Extract from the entries below, exactly as given, only the lines from the line containing "using assms unfolding" to the line containing "qed (fact stops)", both lines included.

**Task input:**
--*--

text \<open>Feasibility for (MFOMP_lambda); W = {0,1} for the MINLP, W = {0..1} for the continuous
 relaxation. Indices 0-based.\<close>
definition mfomp_feasible ::
  "real set \<Rightarrow> nat \<Rightarrow> nat \<Rightarrow> nat \<Rightarrow> nat \<Rightarrow> (nat \<Rightarrow> real^'d) \<Rightarrow> (nat \<Rightarrow> real) \<Rightarrow> (real^'d) set \<Rightarrow>
   (nat \<Rightarrow> real^'d) \<Rightarrow> (nat \<Rightarrow> nat \<Rightarrow> real) \<Rightarrow> (nat \<Rightarrow> nat \<Rightarrow> real) \<Rightarrow>
   (nat \<Rightarrow> nat \<Rightarrow> real^'d) \<Rightarrow> (nat \<Rightarrow> nat \<Rightarrow> real^'d) \<Rightarrow> (nat \<Rightarrow> nat \<Rightarrow> real) \<Rightarrow>
   (nat \<Rightarrow> real) \<Rightarrow> (nat \<Rightarrow> real) \<Rightarrow> bool" where
  "mfomp_feasible W r s n p a UB K x z u v \<zeta> w t \<theta> \<longleftrightarrow>
     (\<forall>j<p. x j \<in> K) \<and>
     (\<forall>l<n. \<theta> l \<ge> 0) \<and> (\<forall>i<n. t i \<ge> 0) \<and>
     (\<forall>i<n. \<forall>j<p. u i j \<ge> 0 \<and> (\<forall>k. v i j $ k \<ge> 0 \<and> \<zeta> i j $ k \<ge> 0)) \<and>
     (\<forall>i<n. \<forall>l<n. w i l \<in> W) \<and> (\<forall>i<n. \<forall>j<p. z i j \<in> W) \<and>
     (\<forall>i<n. \<forall>l<n. t i \<le> \<theta> l + UB i * (1 - w i l)) \<and>
     (\<forall>l. l + 1 < n \<longrightarrow> \<theta> l \<ge> \<theta> (l + 1)) \<and>
     (\<forall>i<n. \<forall>j<p. u i j \<le> t i + UB i * (1 - z i j)) \<and>
     (\<forall>i<n. \<forall>j<p. \<forall>k. v i j $ k - x j $ k + a i $ k \<ge> 0 \<and> v i j $ k + x j $ k - a i $ k \<ge> 0) \<and>
     (\<forall>i<n. \<forall>j<p. \<forall>k. (v i j $ k) ^ r \<le> (\<zeta> i j $ k) ^ s * (u i j) ^ (r - s)) \<and>
     (\<forall>i<n. \<forall>j<p. (\<Sum>k\<in>UNIV. \<zeta> i j $ k) \<le> u i j) \<and>
     (\<forall>i<n. (\<Sum>j<p. z i j) = 1) \<and>
     (\<forall>l<n. (\<Sum>i<n. w i l) = 1) \<and>
     (\<forall>i<n. (\<Sum>l<n. w i l) = 1)"
(* Let $\phi:\mathbb{N}\to\mathbb{N}$ satisfy $\phi(n)\to\infty$ as $n\to\infty$. Then there is no triple $(f,A,P)$, where $f$ assigns a binary string $f(C_n)$ of length at most $\log\log\log n-\phi(n)$ to the $n$-node oriented ring $C_n$ (for all sufficiently large $n$), $A$ is a deterministic exploration algorithm and $P$ is a polynomial, such that for every sufficiently large $n$ the agent executing $A$ with input $f(C_n)$, starting at a node of $C_n$, visits all nodes of $C_n$ and stops after at most $P(n)$ edge traversals. In particular, neither a map oracle nor an instance oracle giving advice of size at most $\log\log\log n-\phi(n)$ permits exploration of all $n$-node oriented rings in time polynomial in $n$.
   Context: Model: a graph is a simple connected undirected graph with $n$ nodes. Nodes are unlabeled; at each node of degree $d$ the incident edges carry distinct port numbers $0,\dots,d-1$. A mobile agent starts at some node. At each step, located at a node $u$ whose degree it knows, it chooses a port at $u$ and traverses the corresponding edge to a neighbor $w$; upon arrival it learns the port number of this edge at $w$ and the degree of $w$. The agent must visit all nodes and stop; the time is the number of edge traversals. A deterministic exploration algorithm receives as input a binary string (advice); the size of advice is its length. A map oracle assigns advice to each port-numbered graph; an instance oracle assigns advice to each pair (graph, starting node). An oriented ring is a cycle in which at every node the ports $0$ and $1$ are in clockwise order (so all nodes look identical). Logarithms are to base 2. *)

theory Defs
  imports "HOL-Computational_Algebra.Polynomial"
begin

text \<open>
  Observations: after each traversal the agent records a triple
  (port taken, port of the edge at the arrival node, degree of the arrival node).
  A deterministic exploration algorithm is a function that, given the advice string,
  the degree of the starting node and the history of observations, either returns
  Some p (take port p) or None (stop).
\<close>

type_synonym obs = "nat \<times> nat \<times> nat"
type_synonym algorithm = "bool list \<Rightarrow> nat \<Rightarrow> obs list \<Rightarrow> nat option"

text \<open>
  The n-node oriented ring: nodes 0..n-1 in clockwise order; at node v, port 0 leads
  clockwise to (v+1) mod n, where the edge has port 1; port 1 leads counterclockwise to
  (v+n-1) mod n, where the edge has port 0. Every node has degree 2.
  ring_run A s n v k = (position, history) after k steps of A with advice s, starting at v.
\<close>

fun ring_run :: "algorithm \<Rightarrow> bool list \<Rightarrow> nat \<Rightarrow> nat \<Rightarrow> nat \<Rightarrow> nat \<times> obs list" where
  "ring_run A s n v 0 = (v, [])"
| "ring_run A s n v (Suc k) =
     (let (u, h) = ring_run A s n v k in
      case A s 2 h of
        None \<Rightarrow> (u, h)
      | Some p \<Rightarrow> if p = 0 then ((u + 1) mod n, h @ [(0, 1, 2)])
                  else ((u + n - 1) mod n, h @ [(p, 0, 2)]))"

definition explores_ring_within ::
  "algorithm \<Rightarrow> bool list \<Rightarrow> nat \<Rightarrow> nat \<Rightarrow> real \<Rightarrow> bool" where
  "explores_ring_within A s n v T \<longleftrightarrow>
     (\<exists>t. real t \<le> T
        \<and> (\<forall>i<t. \<exists>p. A s 2 (snd (ring_run A s n v i)) = Some p \<and> p < 2)
        \<and> A s 2 (snd (ring_run A s n v t)) = None
        \<and> {fst (ring_run A s n v i) | i. i \<le> t} = {0..<n})"

end

theory Submission
  imports Defs
begin

text \<open>
  All nodes of an oriented ring look alike, so the observations of the agent, and hence
  the time \<open>t\<close> at which it stops, depend only on the advice string and not on the size
  \<open>n\<close> of the ring. Exploring within time \<open>n^D\<close> forces \<open>n \<le> t + 1\<close> and \<open>t \<le> n^D\<close>, so one
  advice string serves only sizes in a window whose upper end is at most the \<open>D\<close>-th power
  of its lower end. Hence \<open>k\<close> advice strings serve no interval of sizes \<open>[a, N]\<close> with
  \<open>N \<ge> a^((D+1)^k)\<close>; that is, all sizes up to \<open>N\<close> need about \<open>log log N\<close> strings, whereas
  advice of length \<open>log log log N - \<phi>(N)\<close> provides only \<open>2^(1-\<phi>(N)) log log N\<close>.
\<close>

definition ring_history :: "algorithm \<Rightarrow> bool list \<Rightarrow> nat \<Rightarrow> obs list" where
  "ring_history A s i = snd (ring_run A s 0 0 i)"

definition ring_stop_time :: "algorithm \<Rightarrow> bool list \<Rightarrow> nat" where
  "ring_stop_time A s = (LEAST i. A s 2 (ring_history A s i) = None)"

lemma snd_ring_run_eq_ring_history: "snd (ring_run A s n v i) = ring_history A s i"
  unfolding ring_history_def
  by (induction i) (auto simp: split_beta split: option.splits)

lemma explores_ring_within_mono:
  "explores_ring_within A s n v T \<Longrightarrow> T \<le> T' \<Longrightarrow> explores_ring_within A s n v T'"
  unfolding explores_ring_within_def by (meson order_trans)

lemma explores_ring_within_stop_time:
  assumes "explores_ring_within A s n v T"
  shows "n \<le> ring_stop_time A s + 1" and "real (ring_stop_time A s) \<le> T"
proof -
  obtain t where t_le: "real t \<le> T"
    and moving: "\<forall>i<t. \<exists>p. A s 2 (ring_history A s i) = Some p \<and> p < 2"
    and stops: "A s 2 (ring_history A s t) = None"
    and visits: "{fst (ring_run A s n v i) | i. i \<le> t} = {0..<n}"
    using assms unfolding explores_ring_within_def snd_ring_run_eq_ring_history by blast
  have stop_time: "ring_stop_time A s = t"
    unfolding ring_stop_time_def
  proof (rule Least_equality)
    show "t \<le> i" if "A s 2 (ring_history A s i) = None" for i
      using moving that by (metis not_le option.distinct(1))
  qed (fact stops)
  have "{0..<n} = (\<lambda>i. fst (ring_run A s n v i)) ` {..t}"
    using visits by auto
  then have "card {0..<n} \<le> card {..t}"
    by (metis card_image_le finite_atMost)
  then show "n \<le> ring_stop_time A s + 1"
    using stop_time by simp
  show "real (ring_stop_time A s) \<le> T"
    using stop_time t_le by simp
qed

text \<open>
  The least size \<open>a\<close> must be served by some \<open>u \<le> a^D\<close>; this \<open>u\<close> serves no size beyond
  \<open>u + 1 < a^(D+1)\<close>, so the remaining \<open>k - 1\<close> windows cover the sizes from \<open>a^(D+1)\<close> on.
\<close>
lemma power_windows_cover_bound:
  fixes U :: "nat set"
  assumes "finite U" "card U \<le> k" "2 \<le> a" "1 \<le> D"
    and "\<And>n. a \<le> n \<Longrightarrow> n \<le> N \<Longrightarrow> \<exists>u\<in>U. n \<le> u + 1 \<and> u \<le> n ^ D"
  shows "N < a ^ ((D + 1) ^ k)"
  using assms
proof (induction k arbitrary: U a)
  case 0
  then show ?case by force
next
  case (Suc k)
  show ?case
  proof (cases "N < a")
    case True
    moreover have "a \<le> a ^ ((D + 1) ^ Suc k)"
      using Suc.prems(3) by (simp add: self_le_power)
    ultimately show ?thesis by simp
  next
    case False
    then obtain u where u: "u \<in> U" "a \<le> u + 1" "u \<le> a ^ D"
      using Suc.prems(5)[of a] by auto
    have "N < (u + 2) ^ ((D + 1) ^ k)"
    proof (rule Suc.IH)
      show "card (U - {u}) \<le> k"
        using Suc.prems(1,2) u(1) by simp
      show "\<exists>u'\<in>U - {u}. n \<le> u' + 1 \<and> u' \<le> n ^ D" if "u + 2 \<le> n" "n \<le> N" for n
        using Suc.prems(5)[of n] u(2) that by fastforce
    qed (use Suc.prems in auto)
    also have "u + 2 \<le> a ^ (D + 1)"
    proof -
      have "a \<le> a ^ D"
        using Suc.prems(3,4) by (simp add: self_le_power)
      then have "a ^ D + 2 \<le> a * a ^ D"
        using Suc.prems(3) mult_right_mono[of 2 a "a ^ D"] by linarith
      then show ?thesis
        using u(3) by simp
    qed
    then have "(u + 2) ^ ((D + 1) ^ k) \<le> (a ^ (D + 1)) ^ ((D + 1) ^ k)"
      by (rule power_mono) simp
    also have "\<dots> = a ^ ((D + 1) ^ Suc k)"
      by (simp only: power_Suc power_mult)
    finally show ?thesis .
  qed
qed

lemma sum_powers_of_two_less: "(\<Sum>i\<le>m. (2::nat) ^ i) < 2 ^ Suc m"
  by (induction m) auto

lemma card_bool_lists_length_le_less: "card {xs :: bool list. length xs \<le> L} < 2 ^ Suc L"
  using card_lists_length_le[of "UNIV :: bool set" L] sum_powers_of_two_less[of L]
  by simp

lemma finite_bool_lists_length_le: "finite {xs :: bool list. length xs \<le> L}"
  using finite_lists_length_le[of "UNIV :: bool set" L] by simp

lemma short_advice_exploration_bound:
  assumes "2 \<le> a" "1 \<le> D"
    and "\<And>n. a \<le> n \<Longrightarrow> n \<le> N \<Longrightarrow>
           length (f n) \<le> L \<and> (\<exists>v<n. explores_ring_within A (f n) n v (real n ^ D))"
  shows "N < a ^ ((D + 1) ^ 2 ^ Suc L)"
proof (rule power_windows_cover_bound)
  let ?U = "ring_stop_time A ` f ` {a..N}"
  have "f ` {a..N} \<subseteq> {xs. length xs \<le> L}"
    using assms(3) by auto
  then have "card (f ` {a..N}) \<le> card {xs :: bool list. length xs \<le> L}"
    by (rule card_mono[OF finite_bool_lists_length_le])
  moreover have "card ?U \<le> card (f ` {a..N})"
    by (intro card_image_le) simp
  ultimately show "card ?U \<le> 2 ^ Suc L"
    using card_bool_lists_length_le_less[of L] by linarith
  show "\<exists>u\<in>?U. n \<le> u + 1 \<and> u \<le> n ^ D" if n: "a \<le> n" "n \<le> N" for n
  proof -
    obtain v where "explores_ring_within A (f n) n v (real n ^ D)"
      using assms(3)[OF n] by blast
    from explores_ring_within_stop_time[OF this] have
      "n \<le> ring_stop_time A (f n) + 1" "ring_stop_time A (f n) \<le> n ^ D"
      by (simp_all add: of_nat_le_iff[symmetric])
    then show ?thesis
      using n by (intro bexI[of _ "ring_stop_time A (f n)"]) auto
  qed
qed (use assms in auto)

lemma eventually_poly_le_power:
  fixes P :: "real poly"
  shows "\<forall>\<^sub>F n in sequentially. poly P (real n) \<le> real n ^ Suc (degree P)"
proof -
  define C where "C = (\<Sum>i\<le>degree P. \<bar>coeff P i\<bar>)"
  obtain n0 :: nat where n0: "max C 1 \<le> real n0"
    using real_arch_simple by blast
  have "poly P (real n) \<le> real n ^ Suc (degree P)" if "n0 \<le> n" for n
  proof -
    have n: "max C 1 \<le> real n"
      using n0 that of_nat_le_iff[of n0 n] by linarith
    have "poly P (real n) = (\<Sum>i\<le>degree P. coeff P i * real n ^ i)"
      by (rule poly_altdef)
    also have "\<dots> \<le> (\<Sum>i\<le>degree P. \<bar>coeff P i\<bar> * real n ^ degree P)"
    proof (rule sum_mono)
      fix i assume "i \<in> {..degree P}"
      then have "real n ^ i \<le> real n ^ degree P"
        using n by (intro power_increasing) auto
      then show "coeff P i * real n ^ i \<le> \<bar>coeff P i\<bar> * real n ^ degree P"
        using n by (intro mult_mono) auto
    qed
    also have "\<dots> = C * real n ^ degree P"
      by (simp add: C_def sum_distrib_right)
    also have "\<dots> \<le> real n ^ Suc (degree P)"
      using n by (simp add: mult_right_mono)
    finally show ?thesis .
  qed
  then show ?thesis
    unfolding eventually_sequentially by blast
qed

lemma log2_log2_log2_le:
  assumes "16 \<le> n" "n \<le> 2 ^ 2 ^ 2 ^ Y"
  shows "log 2 (log 2 (log 2 (real n))) \<le> real Y"
proof -
  have "log 2 16 \<le> log 2 (real n)"
    using assms(1) by simp
  moreover have "log 2 (16::real) = 4"
    using log2_of_power_eq[of 16 4] by simp
  ultimately have four_le: "4 \<le> log 2 (real n)" by simp
  have "log 2 (log 2 (real n)) \<le> log 2 (real (2 ^ 2 ^ Y))"
    using log2_of_power_le[of n "2 ^ 2 ^ Y"] assms four_le by (intro log_mono) auto
  also have "\<dots> = real (2 ^ Y)"
    using log2_of_power_eq[of "2 ^ 2 ^ Y" "2 ^ Y"] by simp
  finally have upper: "log 2 (log 2 (real n)) \<le> real (2 ^ Y)" .
  have "log 2 4 \<le> log 2 (log 2 (real n))"
    using four_le by simp
  moreover have "log 2 (4::real) = 2"
    using log2_of_power_eq[of 4 2] by simp
  ultimately have "2 \<le> log 2 (log 2 (real n))" by simp
  then have "log 2 (log 2 (log 2 (real n))) \<le> log 2 (real (2 ^ Y))"
    using upper by (intro log_mono) auto
  also have "\<dots> = real Y"
    using log2_of_power_eq[of "2 ^ Y" Y] by simp
  finally show ?thesis .
qed

lemma power_tower_less:
  fixes a E j Y :: nat
  assumes "a < Y" "E + j < Y"
  shows "a ^ (E ^ 2 ^ j) < 2 ^ 2 ^ 2 ^ Y"
proof -
  have "E ^ 2 ^ j \<le> (2 ^ E) ^ 2 ^ j"
    by (intro power_mono) (simp_all add: less_imp_le)
  also have "\<dots> = 2 ^ (E * 2 ^ j)"
    by (simp add: power_mult)
  also have "\<dots> \<le> 2 ^ (2 ^ E * 2 ^ j)"
    by (intro power_increasing mult_right_mono) (simp_all add: less_imp_le)
  also have "\<dots> = 2 ^ 2 ^ (E + j)"
    by (simp add: power_add)
  finally have E_pow: "E ^ 2 ^ j \<le> 2 ^ 2 ^ (E + j)" .
  have "a < 2 ^ (Y - 1)"
    using assms(1) less_exp[of "Y - 1"] by linarith
  moreover have "2 ^ (E + j) \<le> (2::nat) ^ (Y - 1)"
    using assms(2) by (intro power_increasing) auto
  moreover have "(2::nat) ^ (Y - 1) + 2 ^ (Y - 1) = 2 ^ Y"
    using assms(1) by (cases Y) auto
  ultimately have sum_less: "a + 2 ^ (E + j) < 2 ^ Y"
    by linarith
  have "a * E ^ 2 ^ j \<le> a * 2 ^ 2 ^ (E + j)"
    using E_pow by simp
  also have "\<dots> < 2 ^ a * 2 ^ 2 ^ (E + j)"
    using less_exp[of a] by simp
  also have "\<dots> = 2 ^ (a + 2 ^ (E + j))"
    by (simp add: power_add)
  also have "\<dots> < 2 ^ 2 ^ Y"
    using sum_less by simp
  finally have exponent: "a * E ^ 2 ^ j < 2 ^ 2 ^ Y" .
  have "a ^ (E ^ 2 ^ j) \<le> (2 ^ a) ^ (E ^ 2 ^ j)"
    by (intro power_mono) (simp_all add: less_imp_le)
  also have "\<dots> = 2 ^ (a * E ^ 2 ^ j)"
    by (simp add: power_mult)
  also have "\<dots> < 2 ^ 2 ^ 2 ^ Y"
    using exponent by simp
  finally show ?thesis .
qed

theorem mainTheorem2:
  fixes \<phi> :: "nat \<Rightarrow> nat"
  assumes "filterlim \<phi> at_top at_top"
  shows "\<not> (\<exists>(f :: nat \<Rightarrow> bool list) (A :: algorithm) (P :: real poly).
            \<forall>\<^sub>F n in sequentially.
               real (length (f n)) \<le> log 2 (log 2 (log 2 (real n))) - real (\<phi> n)
             \<and> (\<exists>v<n. explores_ring_within A (f n) n v (poly P (real n))))"
proof (intro notI, elim exE)
  fix f :: "nat \<Rightarrow> bool list" and A :: algorithm and P :: "real poly"
  assume advice: "\<forall>\<^sub>F n in sequentially.
               real (length (f n)) \<le> log 2 (log 2 (log 2 (real n))) - real (\<phi> n)
             \<and> (\<exists>v<n. explores_ring_within A (f n) n v (poly P (real n)))"
  define D where "D = Suc (degree P)"
  have "\<forall>\<^sub>F n in sequentially. 16 \<le> n \<and> D + 3 \<le> \<phi> n
      \<and> real (length (f n)) \<le> log 2 (log 2 (log 2 (real n))) - real (\<phi> n)
      \<and> (\<exists>v<n. explores_ring_within A (f n) n v (real n ^ D))"
    using eventually_ge_at_top[of 16] assms[unfolded filterlim_at_top, rule_format, of "D + 3"]
      advice eventually_poly_le_power[of P]
    by eventually_elim (auto simp: D_def intro: explores_ring_within_mono)
  then obtain a where a: "\<And>n. a \<le> n \<Longrightarrow> 16 \<le> n \<and> D + 3 \<le> \<phi> n
      \<and> real (length (f n)) \<le> log 2 (log 2 (log 2 (real n))) - real (\<phi> n)
      \<and> (\<exists>v<n. explores_ring_within A (f n) n v (real n ^ D))"
    unfolding eventually_sequentially by blast
  define Y where "Y = a + D + 3"
  have "2 ^ 2 ^ 2 ^ Y < a ^ ((D + 1) ^ 2 ^ Suc a)"
  proof (rule short_advice_exploration_bound)
    show "2 \<le> a"
      using a[of a] by simp
    fix n assume n: "a \<le> n" "n \<le> 2 ^ 2 ^ 2 ^ Y"
    then have "log 2 (log 2 (log 2 (real n))) \<le> real Y"
      using a log2_log2_log2_le by blast
    then show "length (f n) \<le> a \<and> (\<exists>v<n. explores_ring_within A (f n) n v (real n ^ D))"
      using a[OF n(1)] by (auto simp: Y_def)
  qed (simp add: D_def)
  moreover have "a ^ ((D + 1) ^ 2 ^ Suc a) < 2 ^ 2 ^ 2 ^ Y"
    by (rule power_tower_less) (simp_all add: Y_def)
  ultimately show False
    by simp
qed

end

--*--

**Your solution:**
    using assms unfolding explores_ring_within_def snd_ring_run_eq_ring_history by blast
  have stop_time: "ring_stop_time A s = t"
    unfolding ring_stop_time_def
  proof (rule Least_equality)
    show "t \<le> i" if "A s 2 (ring_history A s i) = None" for i
      using moving that by (metis not_le option.distinct(1))
  qed (fact stops)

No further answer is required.